Analis Vibiz Research Center melihat bahwa untuk ke depannya, dengan kondisi politik yang sudah lebih stabil paska pelantikan pemerintahan baru, dipercaya IHPR akan naik lagi, memberikan potensi pertumbuhan harga yang lebih kuat lagi di tahun 2025 ini.
Siklus Penurunan Suku Bunga dan Backlog
Tahun 2024 ditandai dengan dimulainya siklus pemangkasan suku bunga dari beberapa bank sentral global serta Bank Indonesia. The Federal Reserve dan BI menurunkan suku bunganya pada September 2024, sementara European Central Bank (ECB) dan Bank of England (BOE) memulainya pada Juni dan November 2024.
Grafik: BI Rate vs FFR Feb. 2019 – Dec. 2024
Sumber: tradingeconomics.com
Pertumbuhan industri properti erat kaitannya dengan rezim suku bunga. Pada periode kenaikan suku bunga dari bank sentral, dampaknya adalah kenaikan suku bunga kredit, baik itu KPR bagi konsumen maupun kredit investasi bagi pengembang, sehingga cenderung menahan pertumbuhan industri properti. Sebaliknya, pada era penurunan suku bunga dari bank sentral termasuk Bank Indonesia, perbankan akan juga menurunkan suku bunga kreditnya dan berdampak positif pada pertumbuhan properti.
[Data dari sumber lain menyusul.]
(* Let $d\ge1$, $X=\{1,\dots,d+1\}$, integers $0\le m_1<\dots<m_{d+1}$, and $P$ the $d$-permutohedron, the convex hull of $\{\sum_i m_{i\pi}v_i:\pi\in\mathfrak S_{d+1}\}\subset\mathbb R^{d+1}$. For $\varnothing\ne J\subsetneq X$ let $a_J$ be the facet of $P$ which is the convex hull of the vertices $\sum_i m_{i\pi}v_i$ with $\sum_{j\in J}m_{j\pi}=m_1+\dots+m_{|J|}$. Then the face monoid of $P$ has a presentation with generators $a_J$ ($\varnothing\ne J\subsetneq X$) and relations $a_J^2=a_J$ for all $J$; $a_Ja_K=a_Ka_J$ for all $J,K$; and $a_Ja_K=a_Ja_Ka_L$ for all $J,K$ with $J\ne J\cap K\ne K$ and all $L$.
   Context: $v_1,\dots,v_{d+1}$ is the standard basis of $\mathbb R^{d+1}$. The face monoid of a polytope is the set of its faces (including the polytope itself and $\varnothing$) under intersection. *)

theory Defs
  imports "HOL-Analysis.Analysis"
begin

text \<open>Coordinates of the ambient space are indexed by a finite type 'n with
  CARD('n) = d+1; a permutation is a bijection from the coordinate set onto
  the label set {1..d+1}.\<close>

definition perm_vertex :: "(nat \<Rightarrow> int) \<Rightarrow> ('n::finite \<Rightarrow> nat) \<Rightarrow> real ^ 'n" where
  "perm_vertex m s = (\<chi> i. real_of_int (m (s i)))"

definition perm_labellings :: "('n::finite \<Rightarrow> nat) set" where
  "perm_labellings = {s. bij_betw s (UNIV :: 'n set) {1..CARD('n)}}"

definition permutohedron :: "(nat \<Rightarrow> int) \<Rightarrow> (real ^ 'n::finite) set" where
  "permutohedron m = convex hull (perm_vertex m ` perm_labellings)"

definition perm_facet :: "(nat \<Rightarrow> int) \<Rightarrow> 'n::finite set \<Rightarrow> (real ^ 'n) set" where
  "perm_facet m J = convex hull (perm_vertex m `
     {s \<in> perm_labellings. (\<Sum>j\<in>J. m (s j)) = (\<Sum>k=1..card J. m k)})"

definition perm_gens :: "'n::finite set set" where
  "perm_gens = {J. J \<noteq> {} \<and> J \<noteq> UNIV}"

text \<open>Evaluation of a word in the generators in the face monoid (product = intersection,
  identity = P).\<close>
definition perm_eval :: "(nat \<Rightarrow> int) \<Rightarrow> 'n::finite set list \<Rightarrow> (real ^ 'n) set" where
  "perm_eval m w = permutohedron m \<inter> \<Inter> (perm_facet m ` set w)"

inductive perm_relator :: "'n::finite set list \<Rightarrow> 'n set list \<Rightarrow> bool" where
  idem: "J \<in> perm_gens \<Longrightarrow> perm_relator [J, J] [J]"
| comm: "J \<in> perm_gens \<Longrightarrow> K \<in> perm_gens \<Longrightarrow> perm_relator [J, K] [K, J]"
| absorb: "J \<in> perm_gens \<Longrightarrow> K \<in> perm_gens \<Longrightarrow> L \<in> perm_gens \<Longrightarrow>
     J \<noteq> J \<inter> K \<Longrightarrow> J \<inter> K \<noteq> K \<Longrightarrow> perm_relator [J, K] [J, K, L]"

inductive perm_cong :: "'n::finite set list \<Rightarrow> 'n set list \<Rightarrow> bool" where
  refl: "set w \<subseteq> perm_gens \<Longrightarrow> perm_cong w w"
| step: "perm_relator l r \<Longrightarrow> set u \<subseteq> perm_gens \<Longrightarrow> set v \<subseteq> perm_gens \<Longrightarrow>
     perm_cong (u @ l @ v) (u @ r @ v)"
| sym: "perm_cong w w' \<Longrightarrow> perm_cong w' w"
| trans: "perm_cong w w' \<Longrightarrow> perm_cong w' w'' \<Longrightarrow> perm_cong w w''"

end

theory Submission
  imports Defs
begin

text \<open>For a labelling s and a set J of coordinates, the sum of m over the labels of J is at
  least m 1 + ... + m |J|, with equality iff J carries the smallest labels. Hence the facet a_J
  is cut out by a valid inequality, and a word w evaluates to the convex hull of the vertices
  whose labellings have every letter of w as an initial block. Such labellings exist iff the
  letters form a chain of sets, and then they determine the chain; since the vertices lie on a
  sphere, the face determines its vertex set. Conversely an exchange argument shows that a
  linear functional a is maximised exactly at the labellings ordered by a, so every nonempty
  face is the face of the chain of sublevel sets of a. On the word side, the relations let any
  word be reordered and deduplicated, and identify all words whose letters do not form a chain.\<close>

section \<open>Labellings and initial blocks\<close>

lemma perm_labellingsD:
  "s \<in> perm_labellings \<Longrightarrow> bij_betw s (UNIV :: 'n::finite set) {1..CARD('n)}"
  by (simp add: perm_labellings_def)

lemma perm_labelling_range:
  assumes "s \<in> (perm_labellings :: ('n::finite \<Rightarrow> nat) set)"
  shows "s i \<in> {1..CARD('n)}"
  using bij_betw_apply[OF perm_labellingsD[OF assms]] by simp

lemma finite_perm_labellings: "finite (perm_labellings :: ('n::finite \<Rightarrow> nat) set)"
proof -
  have "perm_labellings \<subseteq> PiE (UNIV :: 'n set) (\<lambda>_. {1..CARD('n)})"
    by (auto simp: PiE_def extensional_def dest: perm_labelling_range)
  then show ?thesis
    by (rule finite_subset) (intro finite_PiE, auto)
qed

lemma sum_initial_segment_less:
  fixes m :: "nat \<Rightarrow> 'a::linordered_idom"
  assumes m: "strict_mono_on {1..N} m" and A: "A \<subseteq> {1..N}" and ne: "A \<noteq> {1..card A}"
  shows "(\<Sum>k=1..card A. m k) < sum m A"
proof -
  define B where "B = {1..card A}"
  have fin: "finite A" "finite B" using finite_subset[OF A] by (auto simp: B_def)
  have "card (A \<inter> B) + card (A - B) = card (A \<inter> B) + card (B - A)"
    using card_Int_Diff[OF fin(1), of B] card_Int_Diff[OF fin(2), of A]
    by (simp add: B_def inf_commute)
  then have cards: "card (A - B) = card (B - A)" by simp
  have "\<not> A \<subseteq> B"
  proof
    assume "A \<subseteq> B"
    then have "A = B" by (rule card_subset_eq[OF fin(2)]) (simp add: B_def)
    with ne show False unfolding B_def by blast
  qed
  then obtain x where x: "x \<in> A" "x \<notin> B" by blast
  have "B - A \<noteq> {}"
  proof
    assume "B - A = {}"
    then have "card (A - B) = 0" by (simp only: cards card.empty)
    with fin x show False by auto
  qed
  have cN: "card A + 1 \<le> N" using x A by (auto simp: B_def)
  have small: "m y < m (card A + 1)" if "y \<in> B - A" for y
    using that cN by (intro strict_mono_onD[OF m]) (auto simp: B_def)
  have large: "m (card A + 1) \<le> m y" if "y \<in> A - B" for y
  proof (cases "y = card A + 1")
    case False
    with that A have "card A + 1 < y" "y \<le> N" by (auto simp: B_def)
    with cN have "m (card A + 1) < m y" by (intro strict_mono_onD[OF m]) auto
    then show ?thesis by simp
  qed simp
  have "sum m (B - A) < (\<Sum>y\<in>B - A. m (card A + 1))"
    by (rule sum_strict_mono) (use fin \<open>B - A \<noteq> {}\<close> small in auto)
  also have "\<dots> = (\<Sum>y\<in>A - B. m (card A + 1))" by (simp add: cards)
  also have "\<dots> \<le> sum m (A - B)" by (rule sum_mono) (rule large)
  finally have "sum m (B - A) < sum m (A - B)" .
  moreover have "sum m A = sum m (A \<inter> B) + sum m (A - B)" by (rule sum.Int_Diff[OF fin(1)])
  moreover have "sum m B = sum m (A \<inter> B) + sum m (B - A)"
    using sum.Int_Diff[OF fin(2), of m A] by (simp add: inf_commute)
  ultimately show ?thesis by (simp add: B_def)
qed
Sebagaimana diketahui, sebelumnya pada periode paska pandemi, sejak tahun 2022, kebijakan moneter ketat diterapkan oleh hampir semua bank sentral seluruh dunia dengan tren menaikkan suku bunga untuk melawan tekanan inflasi global. Namun dengan semakin meredanya tingkat inflasi dunia, para bank sentral mulai memangkas tingkat suku bunganya, termasuk Bank Indonesia.
Lalu bagaimana tren suku bunga global dan domestik pada tahun 2025 dan seterusnya? Pejabat the Fed baru-baru ini mengindikasikan bahwa mereka sekarang berharap untuk memangkas suku bunga hanya setengah poin (50 bps) pada tahun 2025, yang kemungkinan berarti dua kali pemangkasan suku bunga pada delapan pertemuan penetapan kebijakan mereka.
Demikian pula untuk BI, pada tahun 2025 ini kemungkinan penurunan BI Rate akan terbatas, yakni hanya dua kali penurunan masing-masing 25 bps. Artinya, pemangkasan sebesar 50 bps sepanjang tahun ini menuju level 5,5%. Ini pun dengan catatan, di mana bisa saja BI Rate lebih bertahan dan kemudian dikerek naik, di tengah situasi bertambahnya ketidakpastian ekonomi dan geopolitik global tahun 2025.